lemma stable_Zdisc_second_moment_le:
  fixes \<alpha> :: real and N :: "real measure"
  assumes N: "real_distribution N" and char_N: "char N = stable_cf \<alpha> (real k powr (-1/\<alpha>)) 1 0"
    and \<alpha>: "0 < \<alpha>" and k: "1 \<le> k"
  shows "(\<integral>x. (Zdisc k x)\<^sup>2 \<partial>N) \<le> 3 * (3 + (tan (pi * \<alpha> / 2))\<^sup>2) * 4 powr ((2 - \<alpha>) * k) / k"
proof -
  interpret real_distribution N by fact
  define t :: real where "t = 1 / 4 ^ k"
  have t: "0 < t" "t \<le> 1"
    by (simp_all add: t_def)
  have "(\<integral>x. (Zdisc k x)\<^sup>2 \<partial>N) \<le> (\<integral>x. x\<^sup>2 * indicator {-1/t..1/t} x \<partial>N)"
  proof (rule integral_mono)
    show "integrable N (\<lambda>x. (Zdisc k x)\<^sup>2)"
      by (intro integrable_const_bound[where B="(4 ^ k)\<^sup>2"])
         (auto intro!: power_mono Zdisc_le Zdisc_nonneg)
    have "x\<^sup>2 * indicator {-1/t..1/t} x \<le> (4 ^ k)\<^sup>2" for x :: real
      by (auto simp: t_def abs_le_iff split: split_indicator simp flip: abs_le_square_iff)
    then show "integrable N (\<lambda>x. x\<^sup>2 * indicator {-1/t..1/t} x)"
      by (intro integrable_const_bound[where B="(4 ^ k)\<^sup>2"]) auto
    show "(Zdisc k x)\<^sup>2 \<le> x\<^sup>2 * indicator {-1/t..1/t} x" for x
      using Zdisc_square_le[of k x] by (simp add: t_def)
  qed
  also have "\<dots> \<le> 3 / t\<^sup>2 * Re (1 - char N t)"
    using t(1) by (rule truncated_second_moment_le_char)
  also have "\<dots> \<le> 3 / t\<^sup>2 * ((3 + (tan (pi * \<alpha> / 2))\<^sup>2) * \<bar>t\<bar> powr \<alpha> / k)"
    unfolding char_N using re_one_minus_stable_cf_le[OF \<alpha> _ , of k t] t k
    by (intro mult_left_mono) auto
  also have "\<dots> = (3 + (tan (pi * \<alpha> / 2))\<^sup>2) * (3 / t\<^sup>2 * \<bar>t\<bar> powr \<alpha>) / k"
    by simp
  also have "3 / t\<^sup>2 * \<bar>t\<bar> powr \<alpha> = 3 * 4 powr ((2 - \<alpha>) * k)"
  proof -
    have "3 / t\<^sup>2 * \<bar>t\<bar> powr \<alpha> = 3 * (4 powr (2 * k) * 4 powr (- \<alpha> * k))"
      using t by (simp add: t_def powr_realpow[symmetric] powr_divide powr_powr powr_minus_divide power2_eq_square powr_add[symmetric] mult.commute)
    then show ?thesis
      by (simp add: powr_add[symmetric] algebra_simps)
  qed
  finally show ?thesis
    by (simp only: mult.assoc mult.left_commute[of 3])
qed
section \<open>Pseudo-orbits coding bit sequences\<close>

locale coding_data =
  fixes f :: "'a::metric_space \<Rightarrow> 'a" and z w :: 'a and r :: real
    and k M :: "nat \<Rightarrow> nat" and X Y Zw Wz :: "nat \<Rightarrow> nat \<Rightarrow> 'a"
  assumes r_pos: "r > 0"
    and cycles: "delta_chain f (inverse (real (Suc j))) (X j) (k j)"
      "delta_chain f (inverse (real (Suc j))) (Y j) (k j)"
      "X j 0 = z" "X j (k j) = z" "Y j 0 = w" "Y j (k j) = w"
    and cycles_apart: "i \<le> k j \<Longrightarrow> r < dist (X j i) (Y j i)"
    and connections: "delta_chain f (inverse (real (Suc j))) (Zw j) (M j)"
      "delta_chain f (inverse (real (Suc j))) (Wz j) (M j)"
      "Zw j 0 = z" "Zw j (M j) = w" "Wz j 0 = w" "Wz j (M j) = z"
    and k_dvd_M: "k j dvd M j"
    and in_CR: "i \<le> k j \<Longrightarrow> X j i \<in> chain_recurrent_set f"
      "i \<le> k j \<Longrightarrow> Y j i \<in> chain_recurrent_set f"
      "i \<le> M j \<Longrightarrow> Zw j i \<in> chain_recurrent_set f"
      "i \<le> M j \<Longrightarrow> Wz j i \<in> chain_recurrent_set f"
begin

lemma k_pos: "0 < k j" and M_pos: "0 < M j"
  using cycles(1)[of j] connections(1)[of j] by (auto simp: delta_chain_def)

text \<open>Each dwell
  lasts j + 1 times everything before it, and all lengths are multiples of k j, so that the two
  cycles are traversed in phase.\<close>

primrec block_start :: "nat \<Rightarrow> nat" where
  "block_start 0 = 0"
| "block_start (Suc j) =
     (let D = Suc j * (block_start j + M j) * k j
      in block_start j + 2 * M j + D + Suc j * (block_start j + 2 * M j + D) * k j)"

definition dwell_w :: "nat \<Rightarrow> nat" where
  "dwell_w j = Suc j * (block_start j + M j) * k j"

definition dwell_z :: "nat \<Rightarrow> nat" where
  "dwell_z j = Suc j * (block_start j + 2 * M j + dwell_w j) * k j"

definition block_len :: "nat \<Rightarrow> nat" where
  "block_len j = 2 * M j + dwell_w j + dwell_z j"

lemma block_start_Suc: "block_start (Suc j) = block_start j + block_len j"
  by (simp add: block_len_def dwell_z_def dwell_w_def Let_def)

declare block_start.simps(2)[simp del]

lemma dwell_w_ge: "Suc j * (block_start j + M j) \<le> dwell_w j"
  using k_pos[of j] by (simp add: dwell_w_def)

lemma dwell_w_pos: "0 < dwell_w j"
  using k_pos[of j] M_pos[of j] by (simp add: dwell_w_def)
(* Let $R$ be a nontrivial ring (with unity) and $\Sigma$ an alphabet. Then for every $L\in\mathrm{RevL}(\mathbb{F}_2,\Sigma)$, the characteristic series $\underline{L}$ of $L$ over $R$ belongs to $\mathrm{Rev}(R,\Sigma)$, and $L\in\mathrm{RevL}(R,\Sigma)$.
   Context: A ring is a semiring $(R,+,\cdot,0,1)$ whose additive monoid is an abelian group (not necessarily commutative multiplication); nontrivial means $0\neq1$. $\mathbb{F}_2$ is the two-element field. For a semiring $S$ and finite nonempty alphabet $\Sigma$, a series is a map $r\colon\Sigma^*\to S$ with value $(r,w)$ and support $\mathrm{supp}(r)=\{w\mid(r,w)\neq0\}$; the characteristic series $\underline{L}$ of $L\subseteq\Sigma^*$ over $S$ has coefficient $1$ on $L$ and $0$ elsewhere. A weighted automaton over $S$ and $\Sigma$ is $\mathcal{A}=(Q,\sigma,\iota,\tau)$ with $Q$ finite, $\sigma\colon Q\times\Sigma\times Q\to S$, $\iota,\tau\colon Q\to S$; a run on $w=a_1\cdots a_t$ is $q_0a_1q_1\cdots a_tq_t$ with all $\sigma(q_{k-1},a_k,q_k)\neq0$, of weight $\iota(q_0)\sigma(q_0,a_1,q_1)\cdots\sigma(q_{t-1},a_t,q_t)\tau(q_t)$, and $(\|\mathcal{A}\|,w)$ is the sum of weights of all runs on $w$. $\mathcal{A}$ is reversible if for all $p,p',q,q'\in Q$, $a\in\Sigma$: $\sigma(p,a,q)\neq0\neq\sigma(p,a,q')$ implies $q=q'$, and $\sigma(p,a,q)\neq0\neq\sigma(p',a,q)$ implies $p=p'$. $\mathrm{Rev}(S,\Sigma)$ is the set of series realised by reversible weighted automata over $S$ and $\Sigma$, and $\mathrm{RevL}(S,\Sigma)=\{\mathrm{supp}(r)\mid r\in\mathrm{Rev}(S,\Sigma)\}$. *)

theory Defs
  imports Main "HOL-Library.Z2"
begin

text \<open>Weighted automata over a semiring 'w (class semiring_1, multiplication not
  necessarily commutative) and an alphabet given by a finite type 'a (types are nonempty).\<close>

type_synonym ('a, 'w) series = "'a list \<Rightarrow> 'w"
(* In the setting described in the context, for $\tau\in L$ let $K^{\mathrm{S}}_\tau:Q\to\mathbb{C}$ be $K^{\mathrm{S}}_\tau(\phi)=\overline{B(\tau,\phi)}$. Then the linear span of $\{K^{\mathrm{S}}_\tau:\tau\in L\}$ is dense in $\mathrm{L}^2(Q,\mu_Q)$.
   Context: $L$ is a finite-dimensional real vector space and $[\cdot,\cdot]:L\times L\to\mathbb{R}$ is a bilinear form such that $\omega(\xi,\xi')=\frac12[\xi,\xi']-\frac12[\xi',\xi]$ is non-degenerate. Set $M=\{\tau\in L:[\xi,\tau]=0\ \forall\xi\in L\}$ and $N=\{\tau\in L:[\tau,\xi]=0\ \forall\xi\in L\}$, and assume $L=M\oplus N$. Let $Q=L/M$ with quotient map $q:L\to Q$; $[\cdot,\cdot]$ descends to $L\times Q\to\mathbb{R}$. $J:L\to L$ is linear with $J^2=-\mathrm{id}$, $\omega(J\cdot,J\cdot)=\omega$, and $g(\tau,\xi):=2\omega(\tau,J\xi)$ positive definite; $\{\tau,\xi\}:=g(\tau,\xi)+2\mathrm{i}\,\omega(\tau,\xi)$. $Q$ carries the quotient norm from $g$, and $j:Q\to L$ is the unique linear map with $q\circ j=\mathrm{id}_Q$ and $j(Q)\subseteq JM$. $\mu_Q$ is the Lebesgue measure on $Q$ normalized by $\int_Q\exp(-g(j(\phi),j(\phi)))\,\mathrm{d}\mu_Q(\phi)=1$. $B:L\times Q\to\mathbb{C}$ is $$B(\xi,\phi)=\exp\Big(\{j(\phi),\xi\}-\tfrac{\mathrm{i}}{2}[j(\phi),j(\phi)]-\tfrac12 g(j(\phi),j(\phi))+\tfrac14 g(\xi,\xi)-\tfrac12\{j(q(\xi)),\xi\}\Big).$$ *)

theory Defs
  imports "HOL-Analysis.Analysis"
begin

text \<open>L is modelled by a Euclidean-space type 'l (only its real vector space
structure is used), Q = L/M by a Euclidean-space type 'q together with a surjective
linear map q whose kernel is M.\<close>

definition omega :: "('l \<Rightarrow> 'l \<Rightarrow> real) \<Rightarrow> 'l \<Rightarrow> 'l \<Rightarrow> real" where
  "omega bl x y = bl x y / 2 - bl y x / 2"

definition Mset :: "('l \<Rightarrow> 'l \<Rightarrow> real) \<Rightarrow> 'l set" where
  "Mset bl = {\<tau>. \<forall>\<xi>. bl \<xi> \<tau> = 0}"

definition Nset :: "('l \<Rightarrow> 'l \<Rightarrow> real) \<Rightarrow> 'l set" where
  "Nset bl = {\<tau>. \<forall>\<xi>. bl \<tau> \<xi> = 0}"

definition gform :: "('l \<Rightarrow> 'l \<Rightarrow> real) \<Rightarrow> ('l \<Rightarrow> 'l) \<Rightarrow> 'l \<Rightarrow> 'l \<Rightarrow> real" where
  "gform bl J \<tau> \<xi> = 2 * omega bl \<tau> (J \<xi>)"

definition cbr :: "('l \<Rightarrow> 'l \<Rightarrow> real) \<Rightarrow> ('l \<Rightarrow> 'l) \<Rightarrow> 'l \<Rightarrow> 'l \<Rightarrow> complex" where
  "cbr bl J \<tau> \<xi> = complex_of_real (gform bl J \<tau> \<xi>) + 2 * \<i> * complex_of_real (omega bl \<tau> \<xi>)"

definition jmap :: "('l::real_vector \<Rightarrow> 'l \<Rightarrow> real) \<Rightarrow> ('l \<Rightarrow> 'l) \<Rightarrow> ('l \<Rightarrow> 'q::real_vector) \<Rightarrow> 'q \<Rightarrow> 'l" where
  "jmap bl J q = (THE j. linear j \<and> (\<forall>\<phi>. q (j \<phi>) = \<phi>) \<and> range j \<subseteq> J ` Mset bl)"

definition Bfun :: "('l::real_vector \<Rightarrow> 'l \<Rightarrow> real) \<Rightarrow> ('l \<Rightarrow> 'l) \<Rightarrow> ('l \<Rightarrow> 'q::real_vector)
    \<Rightarrow> 'l \<Rightarrow> 'q \<Rightarrow> complex" where
  "Bfun bl J q \<xi> \<phi> =
     (let j = jmap bl J q in
      exp (cbr bl J (j \<phi>) \<xi>
           - (\<i> / 2) * complex_of_real (bl (j \<phi>) (j \<phi>))
           - complex_of_real (gform bl J (j \<phi>) (j \<phi>) / 2)
           + complex_of_real (gform bl J \<xi> \<xi> / 4)
           - cbr bl J (j (q \<xi>)) \<xi> / 2))"

definition muQ :: "('l::real_vector \<Rightarrow> 'l \<Rightarrow> real) \<Rightarrow> ('l \<Rightarrow> 'l) \<Rightarrow> ('l \<Rightarrow> 'q::euclidean_space) \<Rightarrow> 'q measure" where
  "muQ bl J q = density lborel
     (\<lambda>_. inverse (\<integral>\<^sup>+ \<psi>. ennreal (exp (- gform bl J (jmap bl J q \<psi>) (jmap bl J q \<psi>))) \<partial>lborel))"

end

theory Submission
  imports Defs
begin

text \<open>
  Already the kernels with \<tau> \<in> M span a dense subspace. For \<tau> = - J (j \<psi>) \<in> M the
  conjugate kernel is, up to a constant, the character exp (i g(j \<phi>, j \<psi>)) of Q times one
  fixed nowhere vanishing Gaussian weight w, and since g is an inner product on j(Q) every
  character of Q arises this way. So the span contains P w for every trigonometric
  polynomial P, and \<mu>_Q is a constant multiple of Lebesgue measure.

  It remains to see that these P w are dense in L2 for any continuous, nowhere vanishing,
  square integrable w. Truncate f to a bounded function of bounded support and approximate
  it by a continuous one (Lusin). Dividing by w, approximate the quotient uniformly on a
  large cube by a trigonometric polynomial with the cube as period cell (Stone-Weierstrass
  on a torus); this polynomial stays bounded, and w has small L2 mass outside the cube.
\<close>

definition trig_poly :: "('a::euclidean_space \<Rightarrow> complex) \<Rightarrow> bool" where
  "trig_poly P \<longleftrightarrow> (\<exists>V c. finite V \<and> (\<forall>x. P x = (\<Sum>v\<in>V. c v * exp (\<i> * of_real (x \<bullet> v)))))"

lemma trig_poly_exp: "trig_poly (\<lambda>x. c * exp (\<i> * of_real (x \<bullet> v)))"
  unfolding trig_poly_def by (rule exI[of _ "{v}"], rule exI[of _ "\<lambda>_. c"]) simp

lemma trig_poly_const: "trig_poly (\<lambda>x. c)"
  using trig_poly_exp[of c 0] by simp

lemma trig_poly_add:
  assumes "trig_poly f" "trig_poly g"
  shows "trig_poly (\<lambda>x. f x + g x)"
proof -
  obtain V c where V: "finite V" "\<And>x. f x = (\<Sum>v\<in>V. c v * exp (\<i> * of_real (x \<bullet> v)))"
    using assms(1) unfolding trig_poly_def by blast
  obtain W d where W: "finite W" "\<And>x. g x = (\<Sum>v\<in>W. d v * exp (\<i> * of_real (x \<bullet> v)))"
    using assms(2) unfolding trig_poly_def by blast
  define c' where "c' v = (if v \<in> V then c v else 0) + (if v \<in> W then d v else 0)" for v
  have "f x + g x = (\<Sum>v\<in>V \<union> W. c' v * exp (\<i> * of_real (x \<bullet> v)))" for x
    by (simp add: c'_def distrib_right sum.distrib V W sum.If_cases Int_absorb1 Int_absorb2
        if_distrib[of "\<lambda>a. a * _"] cong: if_cong)
  then show ?thesis
    unfolding trig_poly_def using V W by blast
qed

lemma trig_poly_sum:
  "finite I \<Longrightarrow> (\<And>i. i \<in> I \<Longrightarrow> trig_poly (f i)) \<Longrightarrow> trig_poly (\<lambda>x. \<Sum>i\<in>I. f i x)"
  by (induction I rule: finite_induct) (auto intro: trig_poly_add trig_poly_const)

lemma trig_poly_mult:
  assumes "trig_poly f" "trig_poly g"
  shows "trig_poly (\<lambda>x. f x * g x)"
proof -
  obtain V c where V: "finite V" "\<And>x. f x = (\<Sum>v\<in>V. c v * exp (\<i> * of_real (x \<bullet> v)))"
    using assms(1) unfolding trig_poly_def by blast
  obtain W d where W: "finite W" "\<And>x. g x = (\<Sum>v\<in>W. d v * exp (\<i> * of_real (x \<bullet> v)))"
    using assms(2) unfolding trig_poly_def by blast
  have "f x * g x = (\<Sum>v\<in>V. \<Sum>w\<in>W. (c v * d w) * exp (\<i> * of_real (x \<bullet> (v + w))))" for x
    unfolding V(2) W(2) sum_product
    by (intro sum.cong refl) (simp add: inner_add_right distrib_left exp_add mult_ac)
  moreover have "trig_poly (\<lambda>x. \<Sum>v\<in>V. \<Sum>w\<in>W. (c v * d w) * exp (\<i> * of_real (x \<bullet> (v + w))))"
    by (intro trig_poly_sum V(1) W(1) trig_poly_exp)
  ultimately show ?thesis
    by simp
qed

* **Aim of the task**: Respond with nothing but the number of lines in the data above that include the word "polynomial".

* **Expected answer**: 3